Your job is to return every line of the listing holding the string "thesis".

****************

(* Let $Q=(q_n)_{n\ge1}$ be a basic sequence that is infinite in limit. Then the set $\Theta_Q$ is perfect.
   Context: A basic sequence is a sequence $Q=(q_n)_{n\ge1}$ of integers with $q_n\ge 2$; it is infinite in limit if $q_n\to\infty$. $\mathbb{N}$ denotes the positive integers. For each positive integer $j$ let $\nu_j=\min\{N : q_m\ge 2j^2 \text{ for all } m\ge N\}$. Define $l_1=\max(\nu_2-1,1)$ and, recursively for $i\ge 2$, $l_i=\max\big(\min\{k\in\mathbb{N} : l_1+2l_2+\cdots+(i-1)l_{i-1}+ik\ge \nu_{i+1}-1\},1\big)$. Put $L_i=\sum_{j=1}^i jl_j$ (with $L_0=0$). Let $S_Q=\{(a,b,c)\in\mathbb{N}^3 : b\le l_a,\ c\le a\}$ and $\phi_Q(a,b,c)=L_{a-1}+(b-1)a+c$; $\phi_Q$ is a bijection $S_Q\to\mathbb{N}$. A $Q$-special sequence is a family of integers $F=(F_{(a,b,c)})_{(a,b,c)\in S_Q}$ with $F_{(a,b,1)}=0$ for all $(a,b,1)\in S_Q$ and $\frac{F_{(a,b,c)}}{q_{\phi_Q(a,b,c)}}\in\left[\frac{c-1}{a}-\frac{1}{2a^2},\frac{c-1}{a}+\frac{1}{2a^2}\right]$ for $(a,b,c)\in S_Q$ with $c>1$. Let $\Gamma_Q$ be the set of $Q$-special sequences. For $F\in\Gamma_Q$ put $E_{F,n}=F_{\phi_Q^{-1}(n)}$ and $x_F=\sum_{n=1}^\infty \frac{E_{F,n}}{q_1q_2\cdots q_n}$. Define $\Theta_Q=\{x_F : F\in\Gamma_Q\}\subseteq[0,1)$. *)

theory Defs
  imports "HOL-Analysis.Analysis"
begin

text \<open>Sequences are indexed from 1; the value at index 0 is irrelevant.\<close>

definition basic_sequence :: "(nat \<Rightarrow> nat) \<Rightarrow> bool" where
  "basic_sequence q \<longleftrightarrow> (\<forall>n\<ge>1. q n \<ge> 2)"

definition infinite_in_limit :: "(nat \<Rightarrow> nat) \<Rightarrow> bool" where
  "infinite_in_limit q \<longleftrightarrow> filterlim q at_top sequentially"

definition nuQ :: "(nat \<Rightarrow> nat) \<Rightarrow> nat \<Rightarrow> nat" where
  "nuQ q j = (LEAST N. N \<ge> 1 \<and> (\<forall>m\<ge>N. q m \<ge> 2 * j^2))"

text \<open>l_i given L_{i-1} = l_1 + 2 l_2 + ... + (i-1) l_{i-1}.\<close>
definition lstep :: "(nat \<Rightarrow> nat) \<Rightarrow> nat \<Rightarrow> nat \<Rightarrow> nat" where
  "lstep q i Lprev = (if i = 1 then max (nuQ q 2 - 1) 1
     else max (LEAST k. k \<ge> 1 \<and> Lprev + i * k \<ge> nuQ q (i + 1) - 1) 1)"

primrec LQ :: "(nat \<Rightarrow> nat) \<Rightarrow> nat \<Rightarrow> nat" where
  "LQ q 0 = 0"
| "LQ q (Suc i) = LQ q i + Suc i * lstep q (Suc i) (LQ q i)"

definition lQ :: "(nat \<Rightarrow> nat) \<Rightarrow> nat \<Rightarrow> nat" where
  "lQ q i = lstep q i (LQ q (i - 1))"

definition SQ :: "(nat \<Rightarrow> nat) \<Rightarrow> (nat \<times> nat \<times> nat) set" where
  "SQ q = {(a, b, c). a \<ge> 1 \<and> b \<ge> 1 \<and> c \<ge> 1 \<and> b \<le> lQ q a \<and> c \<le> a}"

definition phiQ :: "(nat \<Rightarrow> nat) \<Rightarrow> nat \<times> nat \<times> nat \<Rightarrow> nat" where
  "phiQ q t = (case t of (a, b, c) \<Rightarrow> LQ q (a - 1) + (b - 1) * a + c)"

definition special_seq :: "(nat \<Rightarrow> nat) \<Rightarrow> (nat \<times> nat \<times> nat \<Rightarrow> int) \<Rightarrow> bool" where
  "special_seq q F \<longleftrightarrow>
     (\<forall>(a, b, c) \<in> SQ q. c = 1 \<longrightarrow> F (a, b, c) = 0) \<and>
     (\<forall>(a, b, c) \<in> SQ q. c > 1 \<longrightarrow>
        of_int (F (a, b, c)) / real (q (phiQ q (a, b, c)))
          \<in> {(real c - 1) / real a - 1 / (2 * real a ^ 2) ..
             (real c - 1) / real a + 1 / (2 * real a ^ 2)})"

definition GammaQ :: "(nat \<Rightarrow> nat) \<Rightarrow> (nat \<times> nat \<times> nat \<Rightarrow> int) set" where
  "GammaQ q = {F. special_seq q F}"

definition EQ :: "(nat \<Rightarrow> nat) \<Rightarrow> (nat \<times> nat \<times> nat \<Rightarrow> int) \<Rightarrow> nat \<Rightarrow> int" where
  "EQ q F n = F (inv_into (SQ q) (phiQ q) n)"

definition xQ :: "(nat \<Rightarrow> nat) \<Rightarrow> (nat \<times> nat \<times> nat \<Rightarrow> int) \<Rightarrow> real" where
  "xQ q F = (\<Sum>n. of_int (EQ q F (Suc n)) / (\<Prod>k\<in>{1..Suc n}. real (q k)))"

definition ThetaQ :: "(nat \<Rightarrow> nat) \<Rightarrow> real set" where
  "ThetaQ q = xQ q ` GammaQ q"

definition perfect_set :: "'a::topological_space set \<Rightarrow> bool" where
  "perfect_set S \<longleftrightarrow> closed S \<and> (\<forall>x\<in>S. x islimpt S)"

end

theory Submission
  imports Defs
begin

text \<open>
  Every element of Theta_Q is the sum of a Cantor series sum_n E_n / (q_1 \<cdots> q_n) whose
  digit E_n ranges over a finite set D_n \<subseteq> {0..q_n}, independently for each n. On the compact
  product of the D_n the series is a uniform limit of continuous functions, so Theta_Q is
  compact, hence closed. Changing a single digit at position n moves the sum by a nonzero
  amount of at most 1 / (q_1 \<cdots> q_(n-1)) \<le> 2^(1-n); hence every point is a limit point as soon
  as infinitely many D_n contain two digits. For a \<ge> 2 the position n = phi_Q(a,1,2) lies
  beyond nu_a, so q_n \<ge> 2a^2, and the admissible window for E_n / q_n has length 1/a^2: it
  contains two multiples of 1/q_n.
\<close>

section \<open>Cantor series with digits from finite sets\<close>

definition cantor_prod :: "(nat \<Rightarrow> nat) \<Rightarrow> nat \<Rightarrow> real" where
  "cantor_prod q m = (\<Prod>k\<in>{1..m}. real (q k))"

definition cantor_series :: "(nat \<Rightarrow> nat) \<Rightarrow> (nat \<Rightarrow> real) \<Rightarrow> real" where
  "cantor_series q f = (\<Sum>n. f (Suc n) / cantor_prod q (Suc n))"

lemma cantor_prod_Suc: "cantor_prod q (Suc m) = cantor_prod q m * real (q (Suc m))"
  unfolding cantor_prod_def by (simp add: prod.nat_ivl_Suc')

lemma basic_sequenceD: "basic_sequence q \<Longrightarrow> 1 \<le> n \<Longrightarrow> 2 \<le> q n"
  by (simp add: basic_sequence_def)

lemma cantor_prod_ge_power:
  assumes "basic_sequence q"
  shows "2 ^ m \<le> cantor_prod q m"
proof (induction m)
  case (Suc m)
  have "2 ^ m * 2 \<le> cantor_prod q m * real (q (Suc m))"
    using Suc basic_sequenceD[OF assms, of "Suc m"]
    by (intro mult_mono) (auto intro: order_trans[OF zero_le_power Suc.IH])
  then show ?case by (simp add: cantor_prod_Suc mult.commute)
qed (simp add: cantor_prod_def)

lemma cantor_prod_pos: "basic_sequence q \<Longrightarrow> 0 < cantor_prod q m"
  by (rule less_le_trans[OF _ cantor_prod_ge_power]) simp_all

lemma digit_weight_le:
  assumes q: "basic_sequence q" and x: "\<bar>x\<bar> \<le> real (q (Suc i))"
  shows "\<bar>x / cantor_prod q (Suc i)\<bar> \<le> (1/2) ^ i"
proof -
  have P: "0 < cantor_prod q i" by (rule cantor_prod_pos[OF q])
  have Q: "0 < real (q (Suc i))" using basic_sequenceD[OF q, of "Suc i"] by simp
  have "\<bar>x / cantor_prod q (Suc i)\<bar> = \<bar>x\<bar> / (cantor_prod q i * real (q (Suc i)))"
    using P Q by (simp add: cantor_prod_Suc)
  also have "\<dots> \<le> real (q (Suc i)) / (cantor_prod q i * real (q (Suc i)))"
    using x P Q by (intro divide_right_mono) auto
  also have "\<dots> = 1 / cantor_prod q i" using Q by simp
  also have "\<dots> \<le> 1 / 2 ^ i"
    using cantor_prod_ge_power[OF q, of i] P by (intro divide_left_mono) auto
  finally show ?thesis by (simp add: power_divide)
qed

lemma summable_cantor_series:
  assumes "basic_sequence q" and "\<And>n. \<bar>f n\<bar> \<le> real (q n)"
  shows "summable (\<lambda>n. f (Suc n) / cantor_prod q (Suc n))"
  using digit_weight_le[OF assms]
  by (intro summable_comparison_test[OF _ summable_geometric[of "1/2"]]) auto

lemma cantor_series_fun_upd:
  assumes q: "basic_sequence q" and f: "\<And>k. \<bar>f k\<bar> \<le> real (q k)"
    and x: "\<bar>x\<bar> \<le> real (q n)" and n: "1 \<le> n"
  shows "cantor_series q (f(n := x)) - cantor_series q f = (x - f n) / cantor_prod q n"
proof -
  obtain m where m: "n = Suc m" using n by (cases n) auto
  define g where "g = f(n := x)"
  have g: "\<bar>g k\<bar> \<le> real (q k)" for k using f x by (simp add: g_def)
  have "(\<lambda>i. g (Suc i) / cantor_prod q (Suc i) - f (Suc i) / cantor_prod q (Suc i))
        sums (cantor_series q g - cantor_series q f)"
    unfolding cantor_series_def
    by (intro sums_diff summable_sums summable_cantor_series[OF q f] summable_cantor_series[OF q g])
  moreover have "(\<lambda>i. g (Suc i) / cantor_prod q (Suc i) - f (Suc i) / cantor_prod q (Suc i))
        = (\<lambda>i. if i = m then (x - f n) / cantor_prod q n else 0)"
    by (simp add: g_def m diff_divide_distrib fun_eq_iff)
  ultimately have "(\<lambda>i. if i = m then (x - f n) / cantor_prod q n else 0)
        sums (cantor_series q g - cantor_series q f)" by simp
  from sums_unique2[OF this sums_single] show ?thesis by (simp add: g_def)
qed

lemma continuous_on_cantor_series:
  assumes q: "basic_sequence q" and A: "\<And>f n. f \<in> A \<Longrightarrow> \<bar>f n\<bar> \<le> real (q n)"
  shows "continuous_on A (cantor_series q)"
proof -
  have "uniform_limit A (\<lambda>n f. \<Sum>i<n. f (Suc i) / cantor_prod q (Suc i)) (cantor_series q) sequentially"
    unfolding cantor_series_def
    by (rule Weierstrass_m_test[OF _ summable_geometric[of "1/2"]])
       (use digit_weight_le[OF q] A in auto)
  moreover have "continuous_on A (\<lambda>f. \<Sum>i<n. f (Suc i) / cantor_prod q (Suc i))" for n
    using cantor_prod_pos[OF q]
    by (intro continuous_intros continuous_on_subset[OF continuous_on_product_coordinates])
       (auto simp: less_imp_neq[symmetric])
  ultimately show ?thesis by (intro uniform_limit_theorem always_eventually) auto
qed

lemma compact_cantor_series_image:
  assumes q: "basic_sequence q" and "\<And>n. finite (D n)"
    and D: "\<And>n x. x \<in> D n \<Longrightarrow> \<bar>x\<bar> \<le> real (q n)"
  shows "compact (cantor_series q ` Pi UNIV D)"
proof (rule compact_continuous_image)
  show "continuous_on (Pi UNIV D) (cantor_series q)"
    using D by (intro continuous_on_cantor_series[OF q]) auto
  have "compactin (product_topology (\<lambda>_. euclidean) UNIV) (PiE UNIV D)"
    using assms(2) by (auto simp: compactin_PiE intro: finite_imp_compact)
  then show "compact (Pi UNIV D)"
    by (simp add: euclidean_product_topology PiE_UNIV_domain)
qed

lemma cantor_series_islimpt:
  assumes q: "basic_sequence q" and D: "\<And>n. D n \<subseteq> {0..real (q n)}"
    and two: "infinite {n. \<exists>x\<in>D n. \<exists>y\<in>D n. x \<noteq> y}" and f: "f \<in> Pi UNIV D"
  shows "cantor_series q f islimpt cantor_series q ` Pi UNIV D"
proof (rule islimpt_approachable[THEN iffD2], intro allI impI)
  fix e :: real assume "0 < e"
  then obtain N where N: "(1/2::real) ^ N < e" using real_arch_pow_inv by force
  obtain n x y where n: "Suc N \<le> n" and xy: "x \<in> D n" "y \<in> D n" "x \<noteq> y"
    using two unfolding infinite_nat_iff_unbounded_le by blast
  then obtain z where z: "z \<in> D n" "z \<noteq> f n" by metis
  obtain m where m: "n = Suc m" "N \<le> m" using n by (cases n) auto
  have bound: "0 \<le> u \<and> u \<le> real (q k)" if "u \<in> D k" for u k using D[of k] that by auto
  have fk: "f k \<in> D k" for k using f by auto
  have fb: "\<bar>f k\<bar> \<le> real (q k)" for k using bound[OF fk] by auto
  have "\<bar>z - f n\<bar> \<le> real (q (Suc m))" using bound[OF z(1)] bound[OF fk[of n]] m by auto
  then have "\<bar>(z - f n) / cantor_prod q n\<bar> \<le> (1/2) ^ m"
    unfolding m(1) by (rule digit_weight_le[OF q])
  also have "\<dots> \<le> (1/2) ^ N" using m(2) by (intro power_decreasing) auto
  finally have close: "\<bar>(z - f n) / cantor_prod q n\<bar> < e" using N by simp
  have diff: "cantor_series q (f(n := z)) - cantor_series q f = (z - f n) / cantor_prod q n"
    using n bound[OF z(1)] by (intro cantor_series_fun_upd q fb) auto
  show "\<exists>x'\<in>cantor_series q ` Pi UNIV D. x' \<noteq> cantor_series q f \<and> dist x' (cantor_series q f) < e"
  proof (intro bexI conjI)
    show "cantor_series q (f(n := z)) \<noteq> cantor_series q f"
      using diff z(2) cantor_prod_pos[OF q, of n] by auto
    show "dist (cantor_series q (f(n := z))) (cantor_series q f) < e"
      using diff close by (simp add: dist_real_def)
    show "cantor_series q (f(n := z)) \<in> cantor_series q ` Pi UNIV D"
      using fk z(1) by (intro imageI) auto
  qed
qed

****************

### TASK SOLUTION
  finally show ?thesis by (simp add: power_divide)
  from sums_unique2[OF this sums_single] show ?thesis by (simp add: g_def)
  ultimately show ?thesis by (intro uniform_limit_theorem always_eventually) auto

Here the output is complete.